And really, it's not just the house, but the whole community. I will admit...I won't miss the crazy teenagers running up and down the road, or the weird people that frequent the Shelbyville Walmart, or trying to make it down US 60 during Shelbyville's rush hour which is not caused by traffic but instead by people who all drive 40mph as their max speed. But we will miss the family five minutes away, the librarian and the awesome library program, our crazy "conspiracy theory" neighbor, the neighbor who thinks cigarettes are a fifth food group, the tractor stores and train overpass we go by on the way to just about anywhere that totally make C's day, the beautiful park with walking paths, a pool, a gym, and camping soooo close, and all the wonderful people at our church that have enriched our lives in countless ways.

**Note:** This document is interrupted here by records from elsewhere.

text \<open>Unital left module over a locale A (A viewed as a unital quantale with
  multiplication = meet): the action preserves joins in each variable,
  is associative and unital.\<close>

definition left_loc_module :: "('a::complete_lattice \<Rightarrow> 'm::complete_lattice \<Rightarrow> 'm) \<Rightarrow> bool" where
  "left_loc_module act \<longleftrightarrow>
     (\<forall>a S. act a (Sup S) = Sup (act a ` S)) \<and>
     (\<forall>S m. act (Sup S) m = Sup ((\<lambda>a. act a m) ` S)) \<and>
     (\<forall>a b m. act (inf a b) m = act a (act b m)) \<and>
     (\<forall>m. act top m = m)"

definition right_loc_module :: "('m::complete_lattice \<Rightarrow> 'a::complete_lattice \<Rightarrow> 'm) \<Rightarrow> bool" where
  "right_loc_module act \<longleftrightarrow>
     (\<forall>a S. act (Sup S) a = Sup ((\<lambda>m. act m a) ` S)) \<and>
     (\<forall>S m. act m (Sup S) = Sup (act m ` S)) \<and>
     (\<forall>a b m. act m (inf a b) = act (act m a) b) \<and>
     (\<forall>m. act m top = m)"

definition inv_AA_quantale ::
  "('a::complete_lattice \<Rightarrow> 'q::complete_lattice \<Rightarrow> 'q) \<Rightarrow> ('q \<Rightarrow> 'a \<Rightarrow> 'q)
   \<Rightarrow> ('q \<Rightarrow> 'q \<Rightarrow> 'q) \<Rightarrow> ('q \<Rightarrow> 'q) \<Rightarrow> bool" where
  "inv_AA_quantale la ra mult invl \<longleftrightarrow>
     left_loc_module la \<and> right_loc_module ra \<and>
     (\<forall>a b q. ra (la a q) b = la a (ra q b)) \<and>
     (\<forall>x y z. mult (mult x y) z = mult x (mult y z)) \<and>
     (\<forall>S y. mult (Sup S) y = Sup ((\<lambda>x. mult x y) ` S)) \<and>
     (\<forall>x S. mult x (Sup S) = Sup (mult x ` S)) \<and>
     (\<forall>a x y. mult (la a x) y = la a (mult x y)) \<and>
     (\<forall>a x y. mult (ra x a) y = mult x (la a y)) \<and>
     (\<forall>a x y. ra (mult x y) a = mult x (ra y a)) \<and>
     (\<forall>S. invl (Sup S) = Sup (invl ` S)) \<and>
     (\<forall>x. invl (invl x) = x) \<and>
     (\<forall>x y. invl (mult x y) = mult (invl y) (invl x)) \<and>
     (\<forall>a b x. invl (ra (la a x) b) = ra (la b (invl x)) a)"

definition quantale_support ::
  "('a::complete_lattice \<Rightarrow> 'q::complete_lattice \<Rightarrow> 'q) \<Rightarrow> ('q \<Rightarrow> 'q \<Rightarrow> 'q) \<Rightarrow> ('q \<Rightarrow> 'q)
   \<Rightarrow> ('q \<Rightarrow> 'a) \<Rightarrow> bool" where
  "quantale_support la mult invl supp \<longleftrightarrow>
     (\<forall>S. supp (Sup S) = Sup (supp ` S)) \<and>
     supp top = top \<and>
     (\<forall>x y. la (supp x) y \<le> mult (mult x (invl x)) y) \<and>
     (\<forall>x. la (supp x) x = x)"

definition equivariant_support ::
  "('a::complete_lattice \<Rightarrow> 'q::complete_lattice \<Rightarrow> 'q) \<Rightarrow> ('q \<Rightarrow> 'a) \<Rightarrow> bool" where
  "equivariant_support la supp \<longleftrightarrow> (\<forall>a x. supp (la a x) = inf a (supp x))"

definition frame_hom :: "('q::complete_lattice \<Rightarrow> 'a::complete_lattice) \<Rightarrow> bool" where
  "frame_hom f \<longleftrightarrow> (\<forall>S. f (Sup S) = Sup (f ` S)) \<and> (\<forall>x y. f (inf x y) = inf (f x) (f y))
                    \<and> f top = top"

text \<open>The tensor product Q \<otimes>_A Q of the right A-module Q with the left A-module Q,
  presented (Joyal--Tierney) as the sup-lattice of subsets T of Q \<times> Q that are
  down-closed, closed under joins in each coordinate, and A-balanced
  (the pair (x,y) in T represents the generator x \<otimes> y being below T).\<close>

definition tensor_elem ::
  "('a::complete_lattice \<Rightarrow> 'q::complete_lattice \<Rightarrow> 'q) \<Rightarrow> ('q \<Rightarrow> 'a \<Rightarrow> 'q) \<Rightarrow> ('q \<times> 'q) set \<Rightarrow> bool" where
  "tensor_elem la ra T \<longleftrightarrow>
     (\<forall>x y x' y'. (x', y') \<in> T \<longrightarrow> x \<le> x' \<longrightarrow> y \<le> y' \<longrightarrow> (x, y) \<in> T) \<and>
     (\<forall>S y. (\<forall>s\<in>S. (s, y) \<in> T) \<longrightarrow> (Sup S, y) \<in> T) \<and>
     (\<forall>x S. (\<forall>s\<in>S. (x, s) \<in> T) \<longrightarrow> (x, Sup S) \<in> T) \<and>
     (\<forall>x a y. (ra x a, y) \<in> T \<longleftrightarrow> (x, la a y) \<in> T)"

definition tensor_join ::
  "('a::complete_lattice \<Rightarrow> 'q::complete_lattice \<Rightarrow> 'q) \<Rightarrow> ('q \<Rightarrow> 'a \<Rightarrow> 'q) \<Rightarrow> ('q \<times> 'q) set set
   \<Rightarrow> ('q \<times> 'q) set" where
  "tensor_join la ra F = \<Inter> {T. tensor_elem la ra T \<and> \<Union> F \<subseteq> T}"

text \<open>Right adjoint of the multiplication map Q \<otimes>_A Q \<rightarrow> Q, x \<otimes> y \<mapsto> xy.\<close>
definition mult_radj :: "('q::complete_lattice \<Rightarrow> 'q \<Rightarrow> 'q) \<Rightarrow> 'q \<Rightarrow> ('q \<times> 'q) set" where
  "mult_radj mult q = {(x, y). mult x y \<le> q}"

definition groupoid_quantale ::
  "('a::complete_lattice \<Rightarrow> 'q::complete_lattice \<Rightarrow> 'q) \<Rightarrow> ('q \<Rightarrow> 'a \<Rightarrow> 'q)
   \<Rightarrow> ('q \<Rightarrow> 'q \<Rightarrow> 'q) \<Rightarrow> ('q \<Rightarrow> 'q) \<Rightarrow> ('q \<Rightarrow> 'a) \<Rightarrow> ('q \<Rightarrow> 'a) \<Rightarrow> bool" where
  "groupoid_quantale la ra mult invl supp ups \<longleftrightarrow>
     inv_AA_quantale la ra mult invl \<and>
     is_frame TYPE('q) \<and>
     (\<forall>a q m. inf (la a q) m = la a (inf q m)) \<and>
     (\<forall>a q m. inf m (ra q a) = ra (inf q m) a) \<and>
     quantale_support la mult invl supp \<and> equivariant_support la supp \<and>
     frame_hom ups \<and>
     (\<forall>a. ups (la a top) = a \<and> ups (ra top a) = a) \<and>
     (\<forall>K. mult_radj mult (Sup K) = tensor_join la ra (mult_radj mult ` K)) \<and>
     (\<forall>q. Sup {la (ups x) y | x y. mult x y \<le> q} = q) \<and>
     (\<forall>q. la (ups q) top = Sup {x. mult x (invl x) \<le> q})"

definition Q_module ::
  "('a::complete_lattice \<Rightarrow> 'q::complete_lattice \<Rightarrow> 'q) \<Rightarrow> ('q \<Rightarrow> 'a \<Rightarrow> 'q) \<Rightarrow> ('q \<Rightarrow> 'q \<Rightarrow> 'q)
   \<Rightarrow> ('q \<Rightarrow> 'x::complete_lattice \<Rightarrow> 'x) \<Rightarrow> ('a \<Rightarrow> 'x \<Rightarrow> 'x) \<Rightarrow> bool" where
  "Q_module la ra mult qa xa \<longleftrightarrow>
     is_frame TYPE('x) \<and>
     (\<forall>S x. qa (Sup S) x = Sup ((\<lambda>q. qa q x) ` S)) \<and>
     (\<forall>q S. qa q (Sup S) = Sup (qa q ` S)) \<and>
     (\<forall>q r x. qa (mult q r) x = qa q (qa r x)) \<and>
     left_loc_module xa \<and>
     (\<forall>a q x. qa (la a q) x = xa a (qa q x)) \<and>
     (\<forall>a q x. qa (ra q a) x = qa q (xa a x)) \<and>
     (\<forall>a x y. xa a (inf x y) = inf (xa a x) y)"

definition pre_hilbert ::
  "('a::complete_lattice \<Rightarrow> 'q::complete_lattice \<Rightarrow> 'q) \<Rightarrow> ('q \<Rightarrow> 'q \<Rightarrow> 'q) \<Rightarrow> ('q \<Rightarrow> 'q)
   \<Rightarrow> ('q \<Rightarrow> 'x::complete_lattice \<Rightarrow> 'x) \<Rightarrow> ('a \<Rightarrow> 'x \<Rightarrow> 'x) \<Rightarrow> ('x \<Rightarrow> 'x \<Rightarrow> 'q) \<Rightarrow> bool" where
  "pre_hilbert la mult invl qa xa ip \<longleftrightarrow>
     (\<forall>q x y. ip (qa q x) y = mult q (ip x y)) \<and>
     (\<forall>a x. la a (ip x top) = ip (xa a x) top) \<and>
     (\<forall>S y. ip (Sup S) y = Sup ((\<lambda>x. ip x y) ` S)) \<and>
     (\<forall>x y. ip x y = invl (ip y x))"

definition module_support ::
  "('q::complete_lattice \<Rightarrow> 'x::complete_lattice \<Rightarrow> 'x) \<Rightarrow> ('a::complete_lattice \<Rightarrow> 'x \<Rightarrow> 'x)
   \<Rightarrow> ('x \<Rightarrow> 'x \<Rightarrow> 'q) \<Rightarrow> ('x \<Rightarrow> 'a) \<Rightarrow> bool" where
  "module_support qa xa ip suppX \<longleftrightarrow>
     mono suppX \<and> suppX top = top \<and>
     (\<forall>x. xa (suppX x) top \<le> qa (ip x x) top) \<and>
     (\<forall>x. xa (suppX x) x = x)"

definition stable_support ::
  "('q::complete_lattice \<Rightarrow> 'x::complete_lattice \<Rightarrow> 'x) \<Rightarrow> ('q \<Rightarrow> 'a::complete_lattice)
   \<Rightarrow> ('x \<Rightarrow> 'a) \<Rightarrow> bool" where
  "stable_support qa supp suppX \<longleftrightarrow> (\<forall>q x. suppX (qa q x) \<le> supp q)"

end

theory Submission
  imports Defs
begin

Wow, if I'm not careful I might really talk my way out of this. But I guess when I really think it through I know that what makes all of this so great is people, not buildings. As my mom says, "People are more important than things." We will dearly miss all those who have influenced our lives for good over these past five years. And even if we have to leave this house behind, you can be sure we'll always keep those memories in our hearts.

5 comments:

Rich and Liz Harris said...

Good luck with the move! I'm guessing you're moving back to Louisville Metro, right?

Lynnie said...

oh kristen, this makes me sad just to read this. i've spent many a cold winter night on that office floor with all my kids shoved in around me! I can't imagine leaving my house right now - if i even think about it i get choked up since it holds so many memories. take the pictures and let them sit on your computer until you want to reminisce one day, then spent an hour looking at them. I would.

Whitney said...

Good luck with your move. Your sentiments were so poignant- you made me cry! Why is moving always so bittersweet?

Lyssa said...

Love you Kris. I'll miss your house too. Selfishly, I'm miss your pool more. :)

Carrie said...

I'm so happy that you guys finally sold your house! I understand the missing the house part...while it is just a "thing", it is also a connection to memories and letting go of that connection is hard.